------ Provided entries ------

(* Let $\alpha>0$, $\beta>0$, $M\in\mathbb{R}$, let $(a,b)$ be a bounded interval, and let $v$ be a local minimizer of $\mathcal{G}(\alpha,\beta,Mx,(a,b),\cdot)$. If $M\ne0$, set $L_0:=2\bigl(\frac{\alpha}{\beta M^2}\bigr)^{1/3}$. Then: (1) If $M\ne0$ and $b-a>L_0$, then in $(a,b)$ there is either a jump point $x\in S_v$ or a point $y\in(a,b)\setminus S_v$ with $v(y)=My$. (2) If $x\in S_v$, then $v(x^+)-Mx=Mx-v(x^-)$, and if $M\ne0$ this value has the same sign as $M$. (3) If $x_1<x_2$ are consecutive jump points of $v$ (no other jump points in $(x_1,x_2)$), then $v(x)=M(x_1+x_2)/2$ for every $x\in(x_1,x_2)$. (4) If $M\ne0$ and $y_1<y_2<\dots<y_m$ are the points of $(a,b)$ where $v$ intersects the line $Mx$, then $y_2-y_1=y_3-y_2=\dots=y_m-y_{m-1}$.
   Context: $S((a,b))$ is the space of step functions with finitely many jumps on $(a,b)$ (BV functions with zero diffuse derivative and finite jump set $S_u$); $u(x^\pm)$ are one-sided values, and $u(a),u(b)$ denote values near the endpoints. $\mathcal{G}(\alpha,\beta,f,(a,b),u)=\alpha\,\#(S_u\cap(a,b))+\beta\int_a^b(u-f)^2dx$, here with $f(x)=Mx$. A local minimizer is $v\in S((a,b))$ with $\mathcal{G}(\alpha,\beta,f,(a,b),v)\le\mathcal{G}(\alpha,\beta,f,(a,b),u)$ for every $u\in S((a,b))$ with $u(a)=v(a)$, $u(b)=v(b)$. An intersection point of $v$ with the line $Mx$ is a point $y\in(a,b)\setminus S_v$ with $v(y)=My$. *)

theory Defs
  imports "HOL-Analysis.Analysis"
begin

text \<open>Values at single points are irrelevant
(BV functions are a.e. classes); we work with one-sided limits.\<close>

definition step_fun :: "real \<Rightarrow> real \<Rightarrow> (real \<Rightarrow> real) \<Rightarrow> bool" where
  "step_fun a b u \<longleftrightarrow> (\<exists>S. finite S \<and> S \<subseteq> {a<..<b} \<and>
      (\<forall>x\<in>{a<..<b} - S. \<exists>e>0. \<forall>y\<in>ball x e. u y = u x))"

definition rval :: "(real \<Rightarrow> real) \<Rightarrow> real \<Rightarrow> real" where
  "rval u x = Lim (at_right x) u"

definition lval :: "(real \<Rightarrow> real) \<Rightarrow> real \<Rightarrow> real" where
  "lval u x = Lim (at_left x) u"

definition jumpset :: "real \<Rightarrow> real \<Rightarrow> (real \<Rightarrow> real) \<Rightarrow> real set" where
  "jumpset a b u = {x\<in>{a<..<b}. lval u x \<noteq> rval u x}"

definition G :: "real \<Rightarrow> real \<Rightarrow> (real \<Rightarrow> real) \<Rightarrow> real \<Rightarrow> real \<Rightarrow> (real \<Rightarrow> real) \<Rightarrow> real" where
  "G \<alpha> \<beta> f a b u = \<alpha> * real (card (jumpset a b u)) + \<beta> * integral {a..b} (\<lambda>x. (u x - f x)\<^sup>2)"

definition local_min :: "real \<Rightarrow> real \<Rightarrow> (real \<Rightarrow> real) \<Rightarrow> real \<Rightarrow> real \<Rightarrow> (real \<Rightarrow> real) \<Rightarrow> bool" where
  "local_min \<alpha> \<beta> f a b v \<longleftrightarrow> step_fun a b v \<and>
     (\<forall>u. step_fun a b u \<and> rval u a = rval v a \<and> lval u b = lval v b
          \<longrightarrow> G \<alpha> \<beta> f a b v \<le> G \<alpha> \<beta> f a b u)"

text \<open>Intersection points of v with the line M x (v(y) is the precise value, i.e. the
common one-sided limit at a non-jump point).\<close>
definition intersections :: "real \<Rightarrow> real \<Rightarrow> real \<Rightarrow> (real \<Rightarrow> real) \<Rightarrow> real set" where
  "intersections M a b v = {y\<in>{a<..<b} - jumpset a b v. rval v y = M * y}"

end

theory Submission
  imports Defs
begin

text \<open>
  A local minimizer cannot be improved by the competitor that replaces v on a subinterval
  (p,q) of (a,b) by a constant g. This creates at most the two jumps at p and q and changes the
  fidelity term by \<open>\<integral>\<^sub>p\<^sup>q (g - Mx)\<^sup>2 - (c - Mx)\<^sup>2 = (g - c)(q - p)(g + c - M(p + q))\<close>,
  where c is the value of v on (p,q). Between consecutive jumps the optimal constant
  \<open>M(p + q)/2\<close> therefore has to be the value of v, which is (3). On a long interval without jumps
  and intersections, the gain \<open>\<ge> \<beta> M\<^sup>2 (q - p)\<^sup>3/4\<close> from that constant outweighs the price
  \<open>2\<alpha>\<close> of two new jumps, which is (1). Moving a jump at x to \<open>x \<plusminus> t\<close> does not change the number
  of jumps, and letting t tend to 0 gives the balance and sign conditions (2). Between two
  consecutive intersections, (2) and (3) leave room for exactly one jump, at the midpoint, and
  (3) applied to the jumps on either side of an intersection gives (4).
\<close>

lemma connected_locally_const_imp_const:
  assumes "connected A" "\<forall>y\<in>A. \<forall>\<^sub>F z in nhds y. u z = u y"
  obtains c where "\<forall>y\<in>A. u y = c"
proof (cases "A = {}")
  case False
  then obtain y0 where "y0 \<in> A" by blast
  have "u y = u y0" if "y \<in> A" for y
  proof (rule connected_local_const[OF assms(1) that \<open>y0 \<in> A\<close>], rule ballI)
    fix w assume "w \<in> A"
    then have "\<forall>\<^sub>F z in nhds w. u w = u z"
      using assms(2) by (metis (mono_tags, lifting) eventually_mono)
    then have "\<forall>\<^sub>F z in at w. u w = u z"
      by (simp add: eventually_nhds_conv_at)
    then show "\<forall>\<^sub>F z in at w within A. u w = u z"
      by (rule filter_leD[OF at_le, rotated]) simp
  qed
  then show ?thesis using that by blast
qed (use that in blast)

lemma nonpos_if_le_small_multiples:
  fixes X C e :: real
  assumes "e > 0" "\<forall>t\<in>{0<..<e}. X \<le> C * t"
  shows "X \<le> 0"
proof -
  have "((\<lambda>t. C * t) \<longlongrightarrow> 0) (at_right 0)"
    by (auto intro!: tendsto_eq_intros)
  moreover have "\<forall>\<^sub>F t in at_right 0. X \<le> C * t"
    using assms by (intro eventually_at_rightI[of 0 e]) auto
  ultimately show ?thesis by (rule tendsto_lowerbound) simp
qed

lemma card_insert_Diff_swap:
  assumes "finite J" "x \<in> J" "y \<notin> J"
  shows "card (insert y (J - {x})) = card J"
proof -
  have "card J > 0" using assms by (auto simp: card_gt_0_iff)
  then show ?thesis using assms by (simp add: card_Diff_singleton)
qed

lemma finite_nearest_above:
  fixes J :: "'a::linorder set"
  assumes "finite J" "x' \<in> J" "x < x'"
  obtains z where "z \<in> J" "x < z" "z \<le> x'" "{x<..<z} \<inter> J = {}"
proof
  let ?A = "J \<inter> {x<..x'}"
  have A: "?A \<noteq> {}" "finite ?A" using assms by auto
  then show "Min ?A \<in> J" "x < Min ?A" "Min ?A \<le> x'"
    using Min_in[OF A(2,1)] by auto
  show "{x<..<Min ?A} \<inter> J = {}"
    using Min_le[OF A(2)] \<open>Min ?A \<le> x'\<close> by fastforce
qed

section \<open>One-sided limits\<close>

lemma rval_eventually_const:
  assumes "\<forall>\<^sub>F y in at_right x. u y = c"
  shows "rval u x = c"
  unfolding rval_def using assms by (intro tendsto_Lim tendsto_eventually) auto

lemma lval_eventually_const:
  assumes "\<forall>\<^sub>F y in at_left x. u y = c"
  shows "lval u x = c"
  unfolding lval_def using assms by (intro tendsto_Lim tendsto_eventually) auto

lemma rval_const_on:
  assumes "\<forall>y\<in>{p<..<q}. u y = c" "x \<in> {p..<q}"
  shows "rval u x = c"
  using assms by (intro rval_eventually_const eventually_at_rightI[of x q]) auto

lemma lval_const_on:
  assumes "\<forall>y\<in>{p<..<q}. u y = c" "x \<in> {p<..q}"
  shows "lval u x = c"
  using assms by (intro lval_eventually_const eventually_at_leftI[of p x]) auto

lemma rval_lval_locally_const:
  assumes "\<forall>\<^sub>F y in nhds x. u y = u x"
  shows "rval u x = u x" "lval u x = u x"
proof -
  have "\<forall>\<^sub>F y in at x. u y = u x"
    using assms eventually_nhds_conv_at by blast
  then show "rval u x = u x" "lval u x = u x"
    by (auto intro: rval_eventually_const lval_eventually_const simp: eventually_at_split)
qed

section \<open>Step functions\<close>

lemma step_fun_iff_eventually:
  "step_fun a b u \<longleftrightarrow> (\<exists>S. finite S \<and> S \<subseteq> {a<..<b} \<and>
      (\<forall>x\<in>{a<..<b} - S. \<forall>\<^sub>F y in nhds x. u y = u x))"
  unfolding step_fun_def eventually_nhds_metric by (simp add: ball_def dist_commute)

lemma step_fun_one_sided:
  assumes "step_fun a b v" "x \<in> {a<..<b}"
  obtains e where "e > 0" "a < x - e" "x + e < b"
    "\<forall>y\<in>{x-e<..<x}. v y = lval v x" "\<forall>y\<in>{x<..<x+e}. v y = rval v x"
proof -
  obtain S where S: "finite S" "\<forall>z\<in>{a<..<b} - S. \<forall>\<^sub>F y in nhds z. v y = v z"
    using assms(1) unfolding step_fun_iff_eventually by blast
  obtain d where d: "d > 0" "\<forall>s\<in>S. s \<noteq> x \<longrightarrow> d \<le> dist x s"
    using finite_set_avoid[OF S(1)] by blast
  define e where "e = min d (min (x - a) (b - x)) / 2"
  have "e > 0" "e \<le> d / 2" "e \<le> (x - a) / 2" "e \<le> (b - x) / 2"
    using d assms(2) by (auto simp: e_def)
  then have e: "e > 0" "e < d" "a < x - e" "x + e < b"
    using d(1) assms(2) by auto
  have const: "\<exists>c. \<forall>y\<in>I. v y = c" if "connected I" "I \<subseteq> {x-e<..<x+e} - {x}" for I
  proof -
    have "I \<subseteq> {a<..<b} - S"
      using that(2) d e by (force simp: dist_real_def)
    then show ?thesis
      using connected_locally_const_imp_const[OF that(1)] S(2) by (metis subsetD)
  qed
  have "\<exists>c. \<forall>y\<in>{x-e<..<x}. v y = c" "\<exists>c. \<forall>y\<in>{x<..<x+e}. v y = c"
    using e(1) by (intro const; auto)+
  then obtain cl cr where cl: "\<forall>y\<in>{x-e<..<x}. v y = cl" and cr: "\<forall>y\<in>{x<..<x+e}. v y = cr"
    by blast
  have "lval v x = cl" using cl e by (intro lval_const_on) auto
  moreover have "rval v x = cr" using cr e by (intro rval_const_on) auto
  ultimately show ?thesis using that e cl cr by blast
qed

lemma jumpset_finite:
  assumes "step_fun a b v"
  shows "finite (jumpset a b v)"
proof -
  obtain S where S: "finite S" "\<forall>z\<in>{a<..<b} - S. \<forall>\<^sub>F y in nhds z. v y = v z"
    using assms unfolding step_fun_iff_eventually by blast
  have "jumpset a b v \<subseteq> S"
    using S(2) rval_lval_locally_const unfolding jumpset_def by fastforce
  then show ?thesis using S(1) finite_subset by blast
qed

lemma jumpset_isolated:
  assumes v: "step_fun a b v" and x: "x \<in> {a<..<b}"
  obtains e where "e > 0" "a < x - e" "x + e < b" "jumpset a b v \<inter> {x-e<..<x+e} \<subseteq> {x}"
proof -
  obtain e where e: "e > 0" "a < x - e" "x + e < b"
      "\<forall>y\<in>{x-e<..<x}. v y = lval v x" "\<forall>y\<in>{x<..<x+e}. v y = rval v x"
    by (rule step_fun_one_sided[OF v x])
  let ?L = "lval v x" and ?R = "rval v x"
  have "lval v y = rval v y" if "y \<in> {x-e<..<x+e}" "y \<noteq> x" for y
  proof (cases "y < x")
    case True
    then have "rval v y = ?L" "lval v y = ?L"
      using e(4) that by (auto intro: rval_const_on[of "x - e" x] lval_const_on[of "x - e" x])
    then show ?thesis by simp
  next
    case False
    then have "rval v y = ?R" "lval v y = ?R"
      using e(5) that by (auto intro: rval_const_on[of x "x + e"] lval_const_on[of x "x + e"])
    then show ?thesis by simp
  qed
  then have "jumpset a b v \<inter> {x-e<..<x+e} \<subseteq> {x}"
    unfolding jumpset_def by blast
  then show ?thesis using that e by blast
qed

lemma step_fun_ae_eq_rval:
  assumes "step_fun a b v"
  obtains S where "finite S" "\<forall>x\<in>{a<..<b} - S. v x = rval v x"
proof -
  obtain S where S: "finite S" "\<forall>z\<in>{a<..<b} - S. \<forall>\<^sub>F y in nhds z. v y = v z"
    using assms unfolding step_fun_iff_eventually by blast
  have "v x = rval v x" if "x \<in> {a<..<b} - S" for x
    using rval_lval_locally_const(1)[of v x] S(2) that by simp
  then show ?thesis using that S(1) by blast
qed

------

▸ Exercise directions: Tally the lines of the material above that include the string "shows", then give the number with no other text.

▸ Result of this exercise: 8